Didn't matter if it shifted the momentum, ravens still won it.

The real conspiracy is, were the brothers in on it together so they could make some sweet cash at the bookie's? Put up a couple mil each no problem.


----------



## HeartlandHank (Feb 4, 2013)

It's New Orleans... power outages happen often. Not just in the run down areas (like the Superdome location) but everywhere.


----------



## biglungs (Feb 4, 2013)

looked to me like the lights were on and bmore was ready to go the delay lasted even longer bcuz SF equipment wasnt coming on they were prbly fucking with it in the dark


----------



## Dislexicmidget2021 (Feb 4, 2013)

LOL,and Beyonce was potentialy making an illuminati hand gesture during performance according to some new sources,,,ehermyahoo.


----------



## Sunbiz1 (Feb 4, 2013)

HeartlandHank said:


> It's New Orleans... power outages happen often. Not just in the run down areas (like the Superdome location) but everywhere.

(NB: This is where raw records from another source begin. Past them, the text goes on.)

(* $\mathfrak{L}(V)=\mathfrak{L}^-(V)$ if and only if $p_{ii}^2=1$ for all $i$ and $p_{ij}=p_{ji}=1$ for all $1\le i\neq j\le n$. In this case $\mathfrak{L}(V)=\mathfrak{L}^-(V)=V$.
   Context: $V$ is a braided vector space of diagonal type over an algebraically closed field $F$ of characteristic $0$ with basis $x_1,\dots,x_n$, braiding $C(x_i\otimes x_j)=q_{ij}x_j\otimes x_i$, Nichols algebra $\mathfrak{B}(V)$ ($\mathbb{Z}^n$-graded, $\deg x_i=e_i$); $\chi(e_i,e_j)=q_{ij}$, $p_{ij}:=q_{ij}$, $p_{uv}:=\chi(\deg u,\deg v)$. For homogeneous $x,y$, $[x,y]:=yx-p_{yx}xy$; $\mathfrak{L}(V)$ is the linear span in $\mathfrak{B}(V)$ of all iterated brackets $[\,,\,]$ (any bracketing) of $x_1,\dots,x_n$. The Nichols Lie algebra $\mathfrak{L}^-(V)$ is the Lie subalgebra of $\mathfrak{B}(V)$ generated by $V$ under the commutator $[a,b]^-=ab-ba$ (i.e. the span of all iterated commutators of $x_1,\dots,x_n$). *)

theory Defs
  imports "HOL-Combinatorics.Permutations" "HOL-Computational_Algebra.Polynomial"
begin

text \<open>Elements of the tensor algebra T(V), V with basis x_0,...,x_(n-1), are
coefficient functions on words (lists of indices).\<close>
type_synonym 'a tens = "nat list \<Rightarrow> 'a"

definition tzero :: "'a::comm_ring_1 tens" where
  "tzero = (\<lambda>w. 0)"

definition tadd :: "'a::comm_ring_1 tens \<Rightarrow> 'a tens \<Rightarrow> 'a tens" where
  "tadd f g = (\<lambda>w. f w + g w)"

definition tsmul :: "'a::comm_ring_1 \<Rightarrow> 'a tens \<Rightarrow> 'a tens" where
  "tsmul c f = (\<lambda>w. c * f w)"

definition tmul :: "'a::comm_ring_1 tens \<Rightarrow> 'a tens \<Rightarrow> 'a tens" where
  "tmul f g = (\<lambda>w. \<Sum>k\<le>length w. f (take k w) * g (drop k w))"

definition gen :: "nat \<Rightarrow> 'a::comm_ring_1 tens" where
  "gen i = (\<lambda>w. if w = [i] then 1 else 0)"

text \<open>Quantum symmetrizer Omega of the diagonal braiding c(x_i x_j) = q i j x_j x_i,
  summed over all degrees; the Nichols algebra is T(V) / ker Omega, so the
  image of u in B(V) is identified with symm q u.  In the word u, the letter at
  position a is moved to position sigma a; each inversion of letters i (left) and
  j (right) contributes q i j.\<close>
definition symm :: "(nat \<Rightarrow> nat \<Rightarrow> 'a::comm_ring_1) \<Rightarrow> 'a tens \<Rightarrow> 'a tens" where
  "symm q f = (\<lambda>w. \<Sum>\<sigma> \<in> {\<sigma>. \<sigma> permutes {..<length w}}.
      (\<Prod>(a,b) \<in> {(a,b). a < b \<and> b < length w \<and> \<sigma> b < \<sigma> a}. q (w ! \<sigma> a) (w ! \<sigma> b))
      * f (map (\<lambda>a. w ! \<sigma> a) [0..<length w]))"

datatype btree = Leaf nat | Node btree btree

fun leaves :: "btree \<Rightarrow> nat list" where
  "leaves (Leaf i) = [i]"
| "leaves (Node s t) = leaves s @ leaves t"

definition chi :: "(nat \<Rightarrow> nat \<Rightarrow> 'a::comm_ring_1) \<Rightarrow> btree \<Rightarrow> btree \<Rightarrow> 'a" where
  "chi q s t = prod_list [q a b. a \<leftarrow> leaves s, b \<leftarrow> leaves t]"

fun brack :: "(nat \<Rightarrow> nat \<Rightarrow> 'a::comm_ring_1) \<Rightarrow> btree \<Rightarrow> 'a tens" where
  "brack q (Leaf i) = gen i"
| "brack q (Node s t) =
     tadd (tmul (brack q t) (brack q s)) (tsmul (- chi q t s) (tmul (brack q s) (brack q t)))"

fun commt :: "btree \<Rightarrow> 'a::comm_ring_1 tens" where
  "commt (Leaf i) = gen i"
| "commt (Node s t) = tadd (tmul (commt s) (commt t)) (tsmul (- 1) (tmul (commt t) (commt s)))"

inductive_set lspan :: "'a::comm_ring_1 tens set \<Rightarrow> 'a tens set" for S where
  lspan_zero: "tzero \<in> lspan S"
| lspan_step: "x \<in> S \<Longrightarrow> y \<in> lspan S \<Longrightarrow> tadd (tsmul c x) y \<in> lspan S"

text \<open>Subspaces of B(V), as images in T(V) under the symmetrizer.\<close>
definition NicholsL :: "(nat \<Rightarrow> nat \<Rightarrow> 'a::comm_ring_1) \<Rightarrow> nat \<Rightarrow> 'a tens set" where
  "NicholsL q n = symm q ` lspan {brack q t | t. set (leaves t) \<subseteq> {..<n}}"

definition NicholsLminus :: "(nat \<Rightarrow> nat \<Rightarrow> 'a::comm_ring_1) \<Rightarrow> nat \<Rightarrow> 'a tens set" where
  "NicholsLminus q n = symm q ` lspan {commt t | t. set (leaves t) \<subseteq> {..<n}}"

definition NicholsV :: "(nat \<Rightarrow> nat \<Rightarrow> 'a::comm_ring_1) \<Rightarrow> nat \<Rightarrow> 'a tens set" where
  "NicholsV q n = symm q ` lspan {gen i | i. i < n}"

definition alg_closed :: "'a::field itself \<Rightarrow> bool" where
  "alg_closed _ = (\<forall>p :: 'a poly. 0 < degree p \<longrightarrow> (\<exists>x. poly p x = 0))"

end

theory Submission
  imports Defs
begin

text \<open>In degree two the symmetrizer is \<open>f [x, y] + q y x * f [y, x]\<close>. Commutators are
  antisymmetric on words of length two, whereas the braided bracket of \<open>x\<^sub>b\<close> and \<open>x\<^sub>a\<close> has
  image \<open>1 - q a b * q b a\<close> at \<open>[a, b]\<close>; comparing the two spans at \<open>[a, b]\<close> and \<open>[b, a]\<close>
  forces \<open>q a b * q b a = 1\<close>, after which the braided brackets vanish in degree two and the
  commutator of \<open>x\<^sub>a\<close> and \<open>x\<^sub>b\<close> (image \<open>1 - q b a\<close>) forces \<open>q b a = 1\<close> for \<open>a \<noteq> b\<close>.

  Conversely, under these conditions every permutation enters the symmetrizer with
  coefficient \<open>1\<close>, unless the word contains a letter \<open>a\<close> with \<open>q a a = -1\<close> twice; then
  composing with the transposition of two such occurrences reverses the sign of every
  coefficient and the symmetrizer vanishes. A plain sum over all permutations is invariant
  under rotating the word, so it does not distinguish \<open>u v\<close> from \<open>v u\<close>. Hence the
  symmetrizer kills every commutator of degree at least two, and every braided bracket
  \<open>v u - \<chi> u v\<close> as well: if \<open>\<chi> \<noteq> 1\<close> the two factors share a letter \<open>a\<close> with \<open>q a a = -1\<close>.
  So both spans reduce to the image of \<open>V\<close>.\<close>

lemma lspan_tadd: "x \<in> lspan S \<Longrightarrow> y \<in> lspan S \<Longrightarrow> tadd x y \<in> lspan S"
proof (induction x rule: lspan.induct)
  case lspan_zero
  then show ?case by (simp add: tadd_def tzero_def)
next
  case (lspan_step x y' c)
  have "tadd (tadd (tsmul c x) y') y = tadd (tsmul c x) (tadd y' y)"
    by (simp add: tadd_def add.assoc)
  with lspan_step show ?case by (simp add: lspan.lspan_step)
qed

lemma lspan_tsmul: "x \<in> lspan S \<Longrightarrow> tsmul c x \<in> lspan S"
proof (induction x rule: lspan.induct)
  case lspan_zero
  have "tsmul c tzero = tzero" by (simp add: tsmul_def tzero_def)
  then show ?case by (simp add: lspan.lspan_zero)
next
  case (lspan_step x y d)
  have "tsmul c (tadd (tsmul d x) y) = tadd (tsmul (c * d) x) (tsmul c y)"
    by (simp add: tadd_def tsmul_def algebra_simps)
  with lspan_step show ?case by (simp add: lspan.lspan_step)
qed

lemma lspan_inc: "x \<in> S \<Longrightarrow> x \<in> lspan S"
  using lspan.lspan_step[OF _ lspan.lspan_zero, of x S 1]
  by (simp add: tadd_def tsmul_def tzero_def)

lemma lspan_subset_lspan: "S \<subseteq> lspan T \<Longrightarrow> lspan S \<subseteq> lspan T"
proof
  fix x assume "S \<subseteq> lspan T" and "x \<in> lspan S"
  from this(2,1) show "x \<in> lspan T"
    by (induction x rule: lspan.induct) (auto intro: lspan.lspan_zero lspan_tadd lspan_tsmul)
qed

lemma symm_tadd: "symm q (tadd f g) = tadd (symm q f) (symm q g)"
  by (simp add: symm_def tadd_def distrib_left sum.distrib fun_eq_iff)

lemma symm_tsmul: "symm q (tsmul c f) = tsmul c (symm q f)"
  by (simp add: symm_def tsmul_def sum_distrib_left fun_eq_iff algebra_simps)

lemma symm_tzero: "symm q tzero = tzero"
  by (simp add: symm_def tzero_def fun_eq_iff)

They just replaced almost the entire power grid after Katrina, I think an electrician fucked-up when renovating the stadium...breaker box probably blew.


----------



## PeyoteReligion (Feb 4, 2013)

Fourty whiners always claim conspiracy theory when they end up on the losing side. Lol hilarious.


----------



## Rancho Cucamonga (Feb 4, 2013)

LOL It was the shitty halftime performance that killed the lights.


----------



## longman (Feb 4, 2013)

I wouldn't know. I have an annual tradition of not watching the halftime show. Just too many years of pathetic for me to get duped in to paying attention.


----------



## HeartlandHank (Feb 5, 2013)

Has anyone ever noticed that most conspiracy theories can be explained by incompetence. It's like something that happened was such a simple case of someone not doing their job that you can't even believe it. You know?


----------